A unilingual Anglophone CA? No thanks.

PHOTO DOMINICK GRAVEL, LA PRESSE ARCHIVES

“Media controversy and appeals from politicians prompted CN to announce on Tuesday that it will find a French-speaking director. But we will not be able to resolve each aberration with loud cries either, ”writes Philippe Mercure.

Philip Mercury

Philip Mercury
The Press

We see that in the factories. Employees who subject products to the worst tests imaginable. The objective is to test their solidity, to determine their flaws and to improve the processes.

Posted at 5:00 a.m.

It is to believe that the leaders of Air Canada and Canadian National have given themselves the mission of doing the same thing with our Official Languages ​​Act.

The CEO of an airline already a champion of language complaints who gives a speech in English in Montreal despite warnings… and then arrogantly defends himself against it?

A railway undertaking subject to the Official Languages ​​Act and installed rue De La Gauchetière, in Montreal, unable to find a single member who speaks French to sit on its board of directors?

Well imagined. The law, it is true, had not provided for such flagrant affronts.

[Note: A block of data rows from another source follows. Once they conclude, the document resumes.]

(* Let $\mathfrak g$ be a finite-dimensional simple complex Lie algebra of classical type and $\mathfrak a\subseteq\mathfrak g$ a semisimple Levi subalgebra whose simple roots are simple roots of $\mathfrak g$. Let $W$ be a finite-dimensional $\mathfrak g\otimes\mathbb C[t]$-module and $w\in W$ a weight vector of weight $\lambda$ (for $\mathfrak h=\mathfrak h\otimes1$) such that $U(\mathfrak n^-\otimes\mathbb C[t]).w=W$. Then $$U(\mathfrak a\otimes\mathbb C[t]).w=\sum_{\mu\in Q^+_{\mathfrak a}}W_{\lambda-\mu},$$ where $W_\nu$ denotes the $\nu$-weight space of $W$.
   Context: $\mathfrak g$ is a finite-dimensional simple complex Lie algebra of classical type with triangular decomposition $\mathfrak g=\mathfrak n^+\oplus\mathfrak h\oplus\mathfrak n^-$, roots $R$, simple roots $\Pi$. A Levi subalgebra is, for $R'\subseteq R$ closed under addition (within $R$) and under $\alpha\mapsto-\alpha$, $\mathfrak a=\sum_{\alpha\in R'}[\mathfrak g_\alpha,\mathfrak g_{-\alpha}]\oplus\bigoplus_{\alpha\in R'}\mathfrak g_\alpha$, with induced triangular decomposition $\mathfrak n^\pm_{\mathfrak a}\subseteq\mathfrak n^\pm$, $\mathfrak h_{\mathfrak a}\subseteq\mathfrak h$, positive roots $R^+_{\mathfrak a}=R'\cap R^+$ and simple roots $\Pi_{\mathfrak a}$; here $\Pi_{\mathfrak a}\subseteq\Pi$ is assumed. $Q^+_{\mathfrak a}$ is the $\mathbb Z_{\ge0}$-span of $R^+_{\mathfrak a}$. The current algebra $\mathfrak g\otimes\mathbb C[t]$ has bracket $[x\otimes p,y\otimes q]=[x,y]\otimes pq$. *)

theory Defs
  imports "Jordan_Normal_Form.Matrix"
begin

definition mtrace :: "complex mat \<Rightarrow> complex" where
  "mtrace X = (\<Sum>i<dim_row X. X $$ (i,i))"

definition lie_br :: "complex mat \<Rightarrow> complex mat \<Rightarrow> complex mat" where
  "lie_br X Y = X * Y - Y * X"

definition J_orth :: "nat \<Rightarrow> complex mat" where
  "J_orth N = mat N N (\<lambda>(i,j). if i + j = N - 1 then 1 else 0)"

definition J_symp :: "nat \<Rightarrow> complex mat" where
  "J_symp n = mat (2*n) (2*n) (\<lambda>(i,j). if i + j = 2*n - 1 then (if i < n then 1 else -1) else 0)"

definition sl_alg :: "nat \<Rightarrow> complex mat set" where
  "sl_alg N = {X \<in> carrier_mat N N. mtrace X = 0}"

definition so_alg :: "nat \<Rightarrow> complex mat set" where
  "so_alg N = {X \<in> carrier_mat N N. X\<^sup>T * J_orth N + J_orth N * X = 0\<^sub>m N N}"

definition sp_alg :: "nat \<Rightarrow> complex mat set" where
  "sp_alg n = {X \<in> carrier_mat (2*n) (2*n). X\<^sup>T * J_symp n + J_symp n * X = 0\<^sub>m (2*n) (2*n)}"

text \<open>g is a simple Lie algebra of classical type (A, B, C or D), realised in its standard
  form inside gl_N, so that the standard triangular decomposition is given by
  diagonal / strictly upper / strictly lower triangular matrices.\<close>
definition classical_simple :: "nat \<Rightarrow> complex mat set \<Rightarrow> bool" where
  "classical_simple N g \<longleftrightarrow>
     (N \<ge> 2 \<and> g = sl_alg N)
   \<or> ((N = 3 \<or> N \<ge> 5) \<and> g = so_alg N)
   \<or> (\<exists>n\<ge>1. N = 2*n \<and> g = sp_alg n)"

definition cartan :: "nat \<Rightarrow> complex mat set \<Rightarrow> complex mat set" where
  "cartan N g = {X \<in> g. \<forall>i<N. \<forall>j<N. i \<noteq> j \<longrightarrow> X $$ (i,j) = 0}"

definition npos :: "nat \<Rightarrow> complex mat set \<Rightarrow> complex mat set" where
  "npos N g = {X \<in> g. \<forall>i<N. \<forall>j<N. j \<le> i \<longrightarrow> X $$ (i,j) = 0}"

definition nneg :: "nat \<Rightarrow> complex mat set \<Rightarrow> complex mat set" where
  "nneg N g = {X \<in> g. \<forall>i<N. \<forall>j<N. i \<le> j \<longrightarrow> X $$ (i,j) = 0}"

text \<open>Functionals on h are represented by functions on matrices; only their values on h matter.\<close>

definition root_space :: "nat \<Rightarrow> complex mat set \<Rightarrow> (complex mat \<Rightarrow> complex) \<Rightarrow> complex mat set" where
  "root_space N g \<alpha> = {X \<in> g. \<forall>H \<in> cartan N g. lie_br H X = \<alpha> H \<cdot>\<^sub>m X}"

definition is_root :: "nat \<Rightarrow> complex mat set \<Rightarrow> (complex mat \<Rightarrow> complex) \<Rightarrow> bool" where
  "is_root N g \<alpha> \<longleftrightarrow> (\<exists>H \<in> cartan N g. \<alpha> H \<noteq> 0) \<and> (\<exists>X \<in> root_space N g \<alpha>. X \<noteq> 0\<^sub>m N N)"

definition pos_root :: "nat \<Rightarrow> complex mat set \<Rightarrow> (complex mat \<Rightarrow> complex) \<Rightarrow> bool" where
  "pos_root N g \<alpha> \<longleftrightarrow> is_root N g \<alpha> \<and> (\<exists>X \<in> root_space N g \<alpha>. X \<noteq> 0\<^sub>m N N \<and> X \<in> npos N g)"

definition simple_roots :: "nat \<Rightarrow> complex mat set \<Rightarrow> ((complex mat \<Rightarrow> complex) \<Rightarrow> bool)
    \<Rightarrow> (complex mat \<Rightarrow> complex) \<Rightarrow> bool" where
  "simple_roots N g P \<alpha> \<longleftrightarrow> P \<alpha> \<and>
     \<not> (\<exists>\<beta> \<gamma>. P \<beta> \<and> P \<gamma> \<and> (\<forall>H \<in> cartan N g. \<alpha> H = \<beta> H + \<gamma> H))"

definition closed_root_subset :: "nat \<Rightarrow> complex mat set \<Rightarrow> (complex mat \<Rightarrow> complex) set \<Rightarrow> bool" where
  "closed_root_subset N g R' \<longleftrightarrow>
     (\<forall>\<alpha> \<in> R'. is_root N g \<alpha>)
   \<and> (\<forall>\<alpha> \<in> R'. \<forall>\<beta> \<in> R'. is_root N g (\<lambda>H. \<alpha> H + \<beta> H) \<longrightarrow> (\<lambda>H. \<alpha> H + \<beta> H) \<in> R')
   \<and> (\<forall>\<alpha> \<in> R'. (\<lambda>H. - \<alpha> H) \<in> R')"

inductive_set mat_span :: "nat \<Rightarrow> complex mat set \<Rightarrow> complex mat set" for N S where
  zero: "0\<^sub>m N N \<in> mat_span N S"
| base: "X \<in> S \<Longrightarrow> X \<in> mat_span N S"
| add: "X \<in> mat_span N S \<Longrightarrow> Y \<in> mat_span N S \<Longrightarrow> X + Y \<in> mat_span N S"
| smult: "X \<in> mat_span N S \<Longrightarrow> c \<cdot>\<^sub>m X \<in> mat_span N S"

definition levi :: "nat \<Rightarrow> complex mat set \<Rightarrow> (complex mat \<Rightarrow> complex) set \<Rightarrow> complex mat set" where
  "levi N g R' = mat_span N
     ({lie_br X Y | X Y \<alpha>. \<alpha> \<in> R' \<and> X \<in> root_space N g \<alpha> \<and> Y \<in> root_space N g (\<lambda>H. - \<alpha> H)}
      \<union> (\<Union>\<alpha> \<in> R'. root_space N g \<alpha>))"

definition Qplus :: "nat \<Rightarrow> complex mat set \<Rightarrow> (complex mat \<Rightarrow> complex) set \<Rightarrow> (complex mat \<Rightarrow> complex) \<Rightarrow> bool" where
  "Qplus N g R' \<mu> \<longleftrightarrow> (\<exists>as. (\<forall>\<alpha> \<in> set as. \<alpha> \<in> R' \<and> pos_root N g \<alpha>) \<and>
       (\<forall>H \<in> cartan N g. \<mu> H = sum_list (map (\<lambda>\<alpha>. \<alpha> H) as)))"

text \<open>A representation of g \<otimes> C[t] on W = C^m, given on the basis-like elements x \<otimes> t^k:
  rho k X is the action of X \<otimes> t^k.\<close>
definition current_rep :: "nat \<Rightarrow> complex mat set \<Rightarrow> nat \<Rightarrow> (nat \<Rightarrow> complex mat \<Rightarrow> complex mat) \<Rightarrow> bool" where
  "current_rep N g m \<rho> \<longleftrightarrow>
     (\<forall>k. \<forall>X \<in> g. \<rho> k X \<in> carrier_mat m m)
   \<and> (\<forall>k. \<forall>X \<in> g. \<forall>Y \<in> g. \<rho> k (X + Y) = \<rho> k X + \<rho> k Y)
   \<and> (\<forall>k c. \<forall>X \<in> g. \<rho> k (c \<cdot>\<^sub>m X) = c \<cdot>\<^sub>m \<rho> k X)
   \<and> (\<forall>k l. \<forall>X \<in> g. \<forall>Y \<in> g. \<rho> (k + l) (lie_br X Y) = lie_br (\<rho> k X) (\<rho> l Y))"

text \<open>U(L \<otimes> C[t]).w : the smallest subspace of C^m containing w and stable under all
  X \<otimes> t^k with X \<in> L (equivalently, the image of w under U(L \<otimes> C[t])).\<close>
inductive_set cyclic_sub :: "nat \<Rightarrow> (nat \<Rightarrow> complex mat \<Rightarrow> complex mat) \<Rightarrow> complex mat set
    \<Rightarrow> complex vec \<Rightarrow> complex vec set" for m \<rho> L w where
  gen: "w \<in> cyclic_sub m \<rho> L w"
| zero: "0\<^sub>v m \<in> cyclic_sub m \<rho> L w"
| add: "u \<in> cyclic_sub m \<rho> L w \<Longrightarrow> v \<in> cyclic_sub m \<rho> L w \<Longrightarrow> u + v \<in> cyclic_sub m \<rho> L w"
| smult: "u \<in> cyclic_sub m \<rho> L w \<Longrightarrow> c \<cdot>\<^sub>v u \<in> cyclic_sub m \<rho> L w"
| act: "X \<in> L \<Longrightarrow> u \<in> cyclic_sub m \<rho> L w \<Longrightarrow> \<rho> k X *\<^sub>v u \<in> cyclic_sub m \<rho> L w"

definition weight_space :: "nat \<Rightarrow> complex mat set \<Rightarrow> nat \<Rightarrow> (nat \<Rightarrow> complex mat \<Rightarrow> complex mat)
    \<Rightarrow> (complex mat \<Rightarrow> complex) \<Rightarrow> complex vec set" where
  "weight_space N g m \<rho> \<nu> = {v \<in> carrier_vec m. \<forall>H \<in> cartan N g. \<rho> 0 H *\<^sub>v v = \<nu> H \<cdot>\<^sub>v v}"

inductive_set vec_sum_span :: "nat \<Rightarrow> complex vec set \<Rightarrow> complex vec set" for m S where
  zero: "0\<^sub>v m \<in> vec_sum_span m S"
| base: "v \<in> S \<Longrightarrow> v \<in> vec_sum_span m S"
| add: "u \<in> vec_sum_span m S \<Longrightarrow> v \<in> vec_sum_span m S \<Longrightarrow> u + v \<in> vec_sum_span m S"
(* Let $n\ge2$, let $v_1,\dots,v_n$ be the standard unit vectors of $\mathbb R^n$ and $v_0=-\sum_{i=1}^nv_i$. For $i=0,\dots,n$ let $\ell_i>0$ and let $e_i$ be the segment from $0$ to $\ell_iv_i$. Let $f_i\colon e_i\to\mathbb R$ be smooth functions (one-sidedly smooth at the endpoints) with $f_0(0)=f_1(0)=\dots=f_n(0)$ and $\sum_{i=0}^n\frac{\partial f_i}{\partial v_i}(0)=0$, where $\frac{\partial}{\partial v_i}$ is the directional derivative. Then there exists a smooth function $f\colon\mathbb R^n\to\mathbb R$ with $f|_{e_i}=f_i$ for all $i$. *)

theory Defs
  imports "HOL-Analysis.Analysis"
begin

text \<open>C-infinity functions on a real normed vector space: differentiable everywhere, and every
  directional derivative function is again C-infinity (coinductively, i.e. to all orders).\<close>
coinductive smooth_fun :: "('a::real_normed_vector \<Rightarrow> real) \<Rightarrow> bool" where
  "(\<forall>x. f differentiable (at x)) \<Longrightarrow>
   (\<forall>v. smooth_fun (\<lambda>x. frechet_derivative f (at x) v)) \<Longrightarrow> smooth_fun f"

definition smooth_on_interval :: "(real \<Rightarrow> real) \<Rightarrow> real \<Rightarrow> real \<Rightarrow> bool" where
  "smooth_on_interval g a b \<longleftrightarrow>
     (\<exists>D :: nat \<Rightarrow> real \<Rightarrow> real. (\<forall>x\<in>{a..b}. D 0 x = g x) \<and>
        (\<forall>k. \<forall>x\<in>{a..b}. (D k has_real_derivative D (Suc k) x) (at x within {a..b})))"

end

theory Submission
  imports Defs "HOL-Computational_Algebra.Polynomial"
begin

text \<open>Extend each f_i to a smooth function E_i on the whole line (Borel's lemma at both endpoints of
  the segment; Borel's lemma itself is proved with rescaled Gaussians s^k exp(-s^2)). The sum
  of E_j(x_j) over the coordinates, minus (n-1) times the common value c, is correct on every
  positive axis. On the ray through v_0 all coordinates equal -t, and there it misses E_0(t) by
  H(t) = E_0(t) - sum_j E_j(-t) + (n-1) c. The two compatibility conditions say precisely that
  H(0) = H'(0) = 0, so Hadamard's lemma gives H(t) = t^2 K(t) with K smooth. For two distinct
  coordinates j1, j2 the correction x_j1 x_j2 K(-x_j1) vanishes on every axis and equals t^2 K(t)
  on the ray through v_0.\<close>

definition deriv_tower :: "(nat \<Rightarrow> real \<Rightarrow> real) \<Rightarrow> bool" where
  "deriv_tower D \<longleftrightarrow> (\<forall>k x. (D k has_real_derivative D (Suc k) x) (at x))"

lemma deriv_tower_affine:
  assumes "deriv_tower D"
  shows "deriv_tower (\<lambda>k t. c * s ^ k * D k (s * t + p))"
  unfolding deriv_tower_def
proof (intro allI)
  fix k t
  have "((\<lambda>t. c * s ^ k * D k (s * t + p)) has_real_derivative c * s ^ k * (D (Suc k) (s * t + p) * s)) (at t)"
    using assms unfolding deriv_tower_def
    by (intro DERIV_cmult DERIV_chain2[where f = "D k"]) (auto intro!: derivative_eq_intros)
  then show "((\<lambda>t. c * s ^ k * D k (s * t + p)) has_real_derivative c * s ^ Suc k * D (Suc k) (s * t + p)) (at t)"
    by (simp add: algebra_simps)
qed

But that’s good: the federal government is in the process of reviewing its Official Languages ​​Act. And these offenses provide an opportunity to close the gaps.

Media controversy and appeals from politicians prompted CN to announce on Tuesday that it will find a French-speaking director. But neither will we be able to regulate each aberration by loud cries.

If good judgment does not impose itself, it must be imposed by law.

The specialists are clear: CN is not violating current law by having a unilingual Anglophone board of directors. And this, even if this former state-owned company is one of the few companies to which the Official Languages ​​Act applies in full, as if it were still a federal institution.

The law clearly specifies that “senior management must be able to function in these two languages”. But a board, you see, is not management.

This is a flaw. A flaw that Bill C-13 on the modernization of the Official Languages ​​Actcurrently before Parliament.

CN shows the need to improve it.

The chairman of the Standing Committee on Official Languages, Liberal MP René Arseneault, believes that Ottawa should impose a minimum proportion of French-speaking administrators on businesses subject to the Official Languages ​​Act like Air Canada and CN.

Another idea would be to use the wording that already applies to senior management and require that these boards of directors be able to operate in both languages. An obligation that does not affect each individual, but the group as a whole.

We will say that it is symbolic. That the administrators, anyway, will discuss in English among themselves.

But the role of a director is not limited to holding a few meetings a year with the other members of the Board. The College of Company Directors defines it as that of “watching over the interests of the company and its shareholders while being concerned impacts of their decisions on stakeholders”, including employees and “the community in which the company operates”.

Considering this, it is perfectly legitimate to demand that the CAs of former Crown corporations such as CN, Air Canada and NAV Canada be able to maintain relations in French with the community or the employees of the companies they represent. Or simply to understand their concerns.

The power of symbols should not be underestimated either. The shocking casualness with which Air Canada and CN manage their linguistic obligations percolates from the top of the pyramid to the entire organization.

This is how Air Canada has been awash in complaints for decades without it changing.

This is also how CN employees in the east of the country say they are subject to threats and disciplinary sanctions if they use French at work, as our colleague Julien Arsenault recently revealed.

That we are still there in 2022 is unacceptable.

The current version of Bill C-13 already adds teeth to the Official Languages ​​Act. The CN shows us that we have to tighten the screw one more turn.